(INPUT FOR THIS TASK begins)
definition moment :: "real \<Rightarrow> phase_fun \<Rightarrow> real^3 \<Rightarrow> ennreal" where
  "moment t h x = (\<integral>\<^sup>+w. ennreal (japan w * (japan (x - (t + 1) *\<^sub>R w))^2 * \<bar>h x w\<bar>) \<partial>lborel)"

lemma abs_abar_le_moment:
  assumes t: "0 \<le> t" and \<gamma>: "0 \<le> \<gamma>" "\<gamma> \<le> 1"
  shows "ennreal \<bar>abar \<gamma> f i j t x v\<bar>
      \<le> ennreal (8 / (1 + t)^2 * japan v * (japan (x - (t + 1) *\<^sub>R v))^2) * moment t (f t) x"
proof -
  let ?K = "8 / (1 + t)^2 * japan v * (japan (x - (t + 1) *\<^sub>R v))^2"
  have "ennreal \<bar>abar \<gamma> f i j t x v\<bar> \<le> (\<integral>\<^sup>+w. ennreal (norm (akern \<gamma> i j (v - w) * f t x w)) \<partial>lborel)"
  proof (cases "integrable lborel (\<lambda>w. akern \<gamma> i j (v - w) * f t x w)")
    case True
    then show ?thesis unfolding abar_def using integral_norm_bound_ennreal by fastforce
  qed (simp add: abar_def not_integrable_integral_eq)
  also have "\<dots> \<le> (\<integral>\<^sup>+w. ennreal ?K * ennreal (japan w * (japan (x - (t + 1) *\<^sub>R w))^2 * \<bar>f t x w\<bar>) \<partial>lborel)"
  proof (intro nn_integral_mono)
    fix w :: "real^3"
    have "\<bar>akern \<gamma> i j (v - w)\<bar> \<le> ?K * (japan w * (japan (x - (t + 1) *\<^sub>R w))^2)"
      using abs_akern_le[of \<gamma> i j "v - w"] norm_diff_powr_le_weights[OF t \<gamma>, of v w x] by linarith
    from mult_right_mono[OF this abs_ge_zero[of "f t x w"]]
    show "ennreal (norm (akern \<gamma> i j (v - w) * f t x w))
        \<le> ennreal ?K * ennreal (japan w * (japan (x - (t + 1) *\<^sub>R w))^2 * \<bar>f t x w\<bar>)"
      using t japan_pos[of v] japan_pos[of w]
      by (simp add: abs_mult ennreal_mult[symmetric] mult.assoc ennreal_leI)
  qed
  also have "\<dots> \<le> ennreal ?K * moment t (f t) x"
    unfolding moment_def by (rule nn_integral_cmult_le) simp
  finally show ?thesis .
qed

lemma nn_integral_inverse_one_plus_square_le: "(\<integral>\<^sup>+s. ennreal (inverse (1 + s^2)) \<partial>lborel) \<le> ennreal pi"
proof -
  let ?g = "\<lambda>s::real. ennreal (inverse (1 + s^2)) * indicator {0..} s"
  have [measurable]: "?g \<in> borel_measurable borel" by measurable
  have "(\<integral>\<^sup>+s. ?g s \<partial>lborel) = ennreal (pi/2 - arctan 0)"
    by (rule nn_integral_FTC_atLeast) (auto intro: DERIV_arctan tendsto_arctan_at_top)
  then have half: "(\<integral>\<^sup>+s. ?g s \<partial>lborel) = ennreal (pi/2)" by simp
  have reflected: "(\<integral>\<^sup>+s. ?g (-s) \<partial>lborel) = ennreal (pi/2)"
    using nn_integral_real_affine[of ?g "-1" 0] half by simp
  have "(\<integral>\<^sup>+s. ennreal (inverse (1 + s^2)) \<partial>lborel) \<le> (\<integral>\<^sup>+s. ?g s + ?g (-s) \<partial>lborel)"
    by (intro nn_integral_mono) (auto split: split_indicator)
  also have "\<dots> = ennreal (pi/2) + ennreal (pi/2)"
    using half reflected by (subst nn_integral_add) auto
  also have "\<dots> = ennreal pi" by (simp flip: ennreal_plus)
  finally show ?thesis .
qed

lemma nn_integral_decay_cart3_le:
  "(\<integral>\<^sup>+y. ennreal (1 / (1 + (norm (y - c :: real^3))^2)^3) \<partial>lborel) \<le> ennreal (pi^3)"
proof -
  have pointwise: "1 / (1 + (norm y)^2)^3 \<le> (\<Prod>b\<in>Basis. inverse (1 + (y \<bullet> b)^2))" for y :: "real^3"
  proof -
    have "(\<Prod>b\<in>Basis. (1 + (y \<bullet> b)^2)) \<le> (\<Prod>b\<in>(Basis::(real^3) set). (1 + (norm y)^2))"
      by (intro prod_mono) (simp add: abs_le_square_iff[symmetric] Basis_le_norm)
    then have le: "(\<Prod>b\<in>Basis. (1 + (y \<bullet> b)^2)) \<le> (1 + (norm y)^2)^3" by simp
    have "0 < (\<Prod>b\<in>(Basis::(real^3) set). (1 + (y \<bullet> b)^2))"
      by (intro prod_pos) (auto intro: add_pos_nonneg)
    then have "1 / (1 + (norm y)^2)^3 \<le> 1 / (\<Prod>b\<in>Basis. (1 + (y \<bullet> b)^2))"
      using le by (intro divide_left_mono) (auto intro!: mult_pos_pos add_pos_nonneg zero_less_power)
    then show ?thesis by (simp add: prod_inversef[symmetric] divide_inverse)
  qed
  have [measurable]: "(\<lambda>y::real^3. ennreal (1 / (1 + (norm y)^2)^3)) \<in> borel_measurable borel"
    by measurable
  have "(\<integral>\<^sup>+y. ennreal (1 / (1 + (norm (y - c))^2)^3) \<partial>lborel)
      = (\<integral>\<^sup>+y. ennreal (1 / (1 + (norm (y::real^3))^2)^3) \<partial>lborel)"
    using nn_integral_lborel_translate[of "\<lambda>y::real^3. ennreal (1 / (1 + (norm y)^2)^3)" "-c"] by simp
  also have "\<dots> \<le> (\<integral>\<^sup>+y. (\<Prod>b\<in>Basis. ennreal (inverse (1 + ((y::real^3) \<bullet> b)^2))) \<partial>lborel)"
    using pointwise by (intro nn_integral_mono) (auto simp: prod_ennreal intro!: ennreal_leI)
  also have "\<dots> = (\<integral>\<^sup>+s. ennreal (inverse (1 + s^2)) \<partial>lborel) ^ 3"
    by (subst nn_integral_lborel_prod) auto
  also have "\<dots> \<le> ennreal (pi^3)"
    using power_mono[OF nn_integral_inverse_one_plus_square_le, of 3] by (simp add: ennreal_power)
  finally show ?thesis .
qed

lemma nn_integral_decay_pair_le:
  fixes s :: real
  shows "(\<integral>\<^sup>+w. \<integral>\<^sup>+y. ennreal (1 / (1 + (norm w)^2)^3 * (1 / (1 + (norm (y - s *\<^sub>R w :: real^3))^2)^3))
    \<partial>lborel \<partial>lborel) \<le> ennreal (pi^6)"
proof -
  have inner: "(\<integral>\<^sup>+y. ennreal (1 / (1 + (norm w)^2)^3 * (1 / (1 + (norm (y - s *\<^sub>R w))^2)^3)) \<partial>lborel)
      \<le> ennreal (pi^3) * ennreal (1 / (1 + (norm w)^2)^3)" (is "?I w \<le> _") for w :: "real^3"
  proof -
    have "(\<integral>\<^sup>+y. ennreal (1 / (1 + (norm w)^2)^3 * (1 / (1 + (norm (y - s *\<^sub>R w))^2)^3)) \<partial>lborel)
        = (\<integral>\<^sup>+y. ennreal (1 / (1 + (norm w)^2)^3) * ennreal (1 / (1 + (norm (y - s *\<^sub>R w))^2)^3) \<partial>lborel)"
      by (intro nn_integral_cong ennreal_mult') simp
    also have "\<dots> \<le> ennreal (1 / (1 + (norm w)^2)^3) * ennreal (pi^3)"
      by (intro order_trans[OF nn_integral_cmult_le] mult_left_mono nn_integral_decay_cart3_le) simp_all
    finally show ?thesis by (simp add: mult.commute)
  qed
  have "(\<integral>\<^sup>+w. ?I w \<partial>lborel) \<le> (\<integral>\<^sup>+w. ennreal (pi^3) * ennreal (1 / (1 + (norm (w :: real^3))^2)^3) \<partial>lborel)"
    by (intro nn_integral_mono inner)
  also have "\<dots> \<le> ennreal (pi^3) * (\<integral>\<^sup>+w. ennreal (1 / (1 + (norm (w :: real^3))^2)^3) \<partial>lborel)"
    by (rule nn_integral_cmult_le) simp
  also have "\<dots> \<le> ennreal (pi^3) * ennreal (pi^3)"
    using nn_integral_decay_cart3_le[of 0] by (intro mult_left_mono) simp_all
  also have "\<dots> = ennreal (pi^6)"
    by (simp add: ennreal_mult'[symmetric] power_add[symmetric])
  finally show ?thesis .
qed

lemma nn_integral_swap_eq_L2sq:
  fixes h :: phase_fun
  assumes "continuous_on UNIV (\<lambda>z. h (fst z) (snd z))"
  shows "(\<integral>\<^sup>+w. \<integral>\<^sup>+y. ennreal ((h y w)^2) \<partial>lborel \<partial>lborel) = L2sq h"
proof -
  have "continuous_on UNIV (\<lambda>z. (h (snd z) (fst z))^2)"
    by (intro continuous_intros continuous_on_compose_curried[OF assms])
  from lborel_pair.Fubini'[OF borel_measurable_continuous_pair_ennreal[OF this]]
  show ?thesis unfolding L2sq_def by simp
qed

lemma japan_weight_amgm:
  fixes w z :: "real^3"
  assumes "0 < c"
  shows "japan w * (japan z)^2 * \<bar>p\<bar>
    \<le> c * (1 / (1 + (norm w)^2)^3 * (1 / (1 + (norm z)^2)^3)) + (japan w ^ 4 * japan z ^ 5 * p)^2 / c"
proof -
  let ?a = "japan w" and ?b = "japan z"
  have a0: "0 < ?a" and b0: "0 < ?b" by (rule japan_pos)+
  define A where "A = 1 / (?a^3 * ?b^3)"
  define B where "B = ?a^4 * ?b^5 * \<bar>p\<bar>"
  have "0 \<le> (c * A - B)^2" by simp
  then have "2 * (A * B) \<le> c * A^2 + B^2 / c"
    using assms by (simp add: field_simps power2_eq_square)
  moreover have "0 \<le> A * B" unfolding A_def B_def using a0 b0 by simp
  moreover have "A * B = ?a * ?b^2 * \<bar>p\<bar>"
    unfolding A_def B_def using a0 b0 by (simp add: field_simps power_numeral_reduce)
  moreover have "A^2 = 1 / (1 + (norm w)^2)^3 * (1 / (1 + (norm z)^2)^3)"
  proof -
    have "japan u ^ 6 = (1 + (norm u)^2)^3" for u :: "real^3"
      using power_mult[of "japan u" 2 3] by (simp add: japan_squared)
    then show ?thesis unfolding A_def by (simp add: power_mult_distrib power_divide flip: power_mult)
  qed
  moreover have "B^2 = (?a ^ 4 * ?b ^ 5 * p)^2" unfolding B_def by (simp add: power_mult_distrib)
  ultimately show ?thesis by simp
qed

lemma nn_integral_weighted_abs_le_L2sq:
  fixes p :: "real^3 \<Rightarrow> real^3 \<Rightarrow> real" and t :: real
  defines "h \<equiv> \<lambda>y w. japan w ^ 4 * japan (y - (t + 1) *\<^sub>R w) ^ 5 * p y w"
  assumes cont: "continuous_on UNIV (\<lambda>z. p (fst z) (snd z))" and c: "0 < c" and L2: "L2sq h \<le> E"
  shows "(\<integral>\<^sup>+w. \<integral>\<^sup>+y. ennreal (japan w * (japan (y - (t + 1) *\<^sub>R w))^2 * \<bar>p y w\<bar>) \<partial>lborel \<partial>lborel)
     \<le> ennreal (c * pi^6) + ennreal (1 / c) * E"
proof -
  define q where "q w = 1 / (1 + (norm w)^2)^3" for w :: "real^3"
  define X where "X w y = q w * q (y - (t + 1) *\<^sub>R w)" for w y
  have "1 + (norm u)^2 \<noteq> 0" for u :: "real^3" using zero_le_power2[of "norm u"] by linarith
  then have cX: "continuous_on UNIV (\<lambda>z. X (fst z) (snd z))"
    unfolding X_def q_def by (intro continuous_intros) auto
  have ch: "continuous_on UNIV (\<lambda>z. h (fst z) (snd z))"
    unfolding h_def by (intro continuous_intros continuous_on_compose_curried[OF cont])
  have [measurable]: "(\<lambda>(w, y). ennreal (X w y)) \<in> borel_measurable (lborel \<Otimes>\<^sub>M lborel)"
      "(\<lambda>(w, y). ennreal ((h y w)^2)) \<in> borel_measurable (lborel \<Otimes>\<^sub>M lborel)"
      "(\<lambda>y. ennreal (X w y)) \<in> borel_measurable lborel" "(\<lambda>y. ennreal ((h y w)^2)) \<in> borel_measurable lborel" for w
    by (intro borel_measurable_continuous_pair_ennreal borel_measurable_continuous_ennreal continuous_intros
        continuous_on_compose_curried[OF cX] continuous_on_compose_curried[OF ch])+
  have "(\<integral>\<^sup>+w. \<integral>\<^sup>+y. ennreal (japan w * (japan (y - (t + 1) *\<^sub>R w))^2 * \<bar>p y w\<bar>) \<partial>lborel \<partial>lborel)
      \<le> (\<integral>\<^sup>+w. \<integral>\<^sup>+y. ennreal c * ennreal (X w y) + ennreal (1 / c) * ennreal ((h y w)^2) \<partial>lborel \<partial>lborel)"
    using japan_weight_amgm[OF c] c
    by (intro nn_integral_mono) (simp add: X_def h_def q_def ennreal_mult'[symmetric] ennreal_plus[symmetric]
        ennreal_leI del: ennreal_plus)
  also have "\<dots> = (\<integral>\<^sup>+w. \<integral>\<^sup>+y. ennreal c * ennreal (X w y) \<partial>lborel \<partial>lborel)
      + (\<integral>\<^sup>+w. \<integral>\<^sup>+y. ennreal (1 / c) * ennreal ((h y w)^2) \<partial>lborel \<partial>lborel)"
    by (simp add: nn_integral_add lborel.borel_measurable_nn_integral)
  also have "\<dots> \<le> ennreal c * ennreal (pi^6) + ennreal (1 / c) * E"
    using nn_integral_decay_pair_le[of "t + 1"] L2 nn_integral_swap_eq_L2sq[OF ch]
    by (intro add_mono order_trans[OF nn_integral_nn_integral_cmult_le] mult_left_mono) (simp_all add: X_def q_def)
  finally show ?thesis using c by (simp add: ennreal_mult)
qed
(* Fix $\delta\in[0,1/2]$. Alice flips two independent coins $c_1,c_2\in\{0,1\}$ with $\Pr[c_1=0]=\Pr[c_2=0]=\tfrac12+\delta$. Bob, without knowledge of $c_1,c_2$, sends Alice a classical bit $b$ and a single-qubit state $\rho$ (where $b$ may be chosen at random with probabilities $q_0,q_1$ and the state $\rho_b$ may depend on $b$). Alice measures $\rho$ in the computational basis $\{|0\rangle,|1\rangle\}$ if $c_1=0$ and in the Hadamard basis $\{|+\rangle,|-\rangle\}$ if $c_1=1$, obtaining $a\in\{0,1\}$. Bob wins if $a=b$ when $c_2=0$, and $a\ne b$ when $c_2=1$. Then Bob's maximal winning probability over all strategies is $$\frac12+\delta\sqrt{\frac{1+4\delta^2}{2}},$$ achieved by the deterministic strategy $b=0$ with $\rho=\tfrac12(I+r_x\sigma_x+r_z\sigma_z)$, $r_x=\frac{1-2\delta}{\sqrt{2+8\delta^2}}$, $r_z=\frac{1+2\delta}{\sqrt{2+8\delta^2}}$. In particular the value is $1/2$ for $\delta=0$ and $1$ for $\delta=1/2$.
   Context: $|\pm\rangle=\tfrac{1}{\sqrt2}(|0\rangle\pm|1\rangle)$; measurement outcome $0$ corresponds to $|0\rangle$ or $|+\rangle$ and $1$ to $|1\rangle$ or $|-\rangle$; $\sigma_x,\sigma_z$ are Pauli matrices. *)

theory Defs
  imports "HOL-Analysis.Analysis"
begin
(INPUT FOR THIS TASK ends)
*PROBLEM DETAILS:* Would you filter the entries above and keep each line that has the word "lemma"?

*TASK ANSWER:*
lemma abs_abar_le_moment:
lemma nn_integral_inverse_one_plus_square_le: "(\<integral>\<^sup>+s. ennreal (inverse (1 + s^2)) \<partial>lborel) \<le> ennreal pi"
lemma nn_integral_decay_cart3_le:
lemma nn_integral_decay_pair_le:
lemma nn_integral_swap_eq_L2sq:
lemma japan_weight_amgm:
lemma nn_integral_weighted_abs_le_L2sq:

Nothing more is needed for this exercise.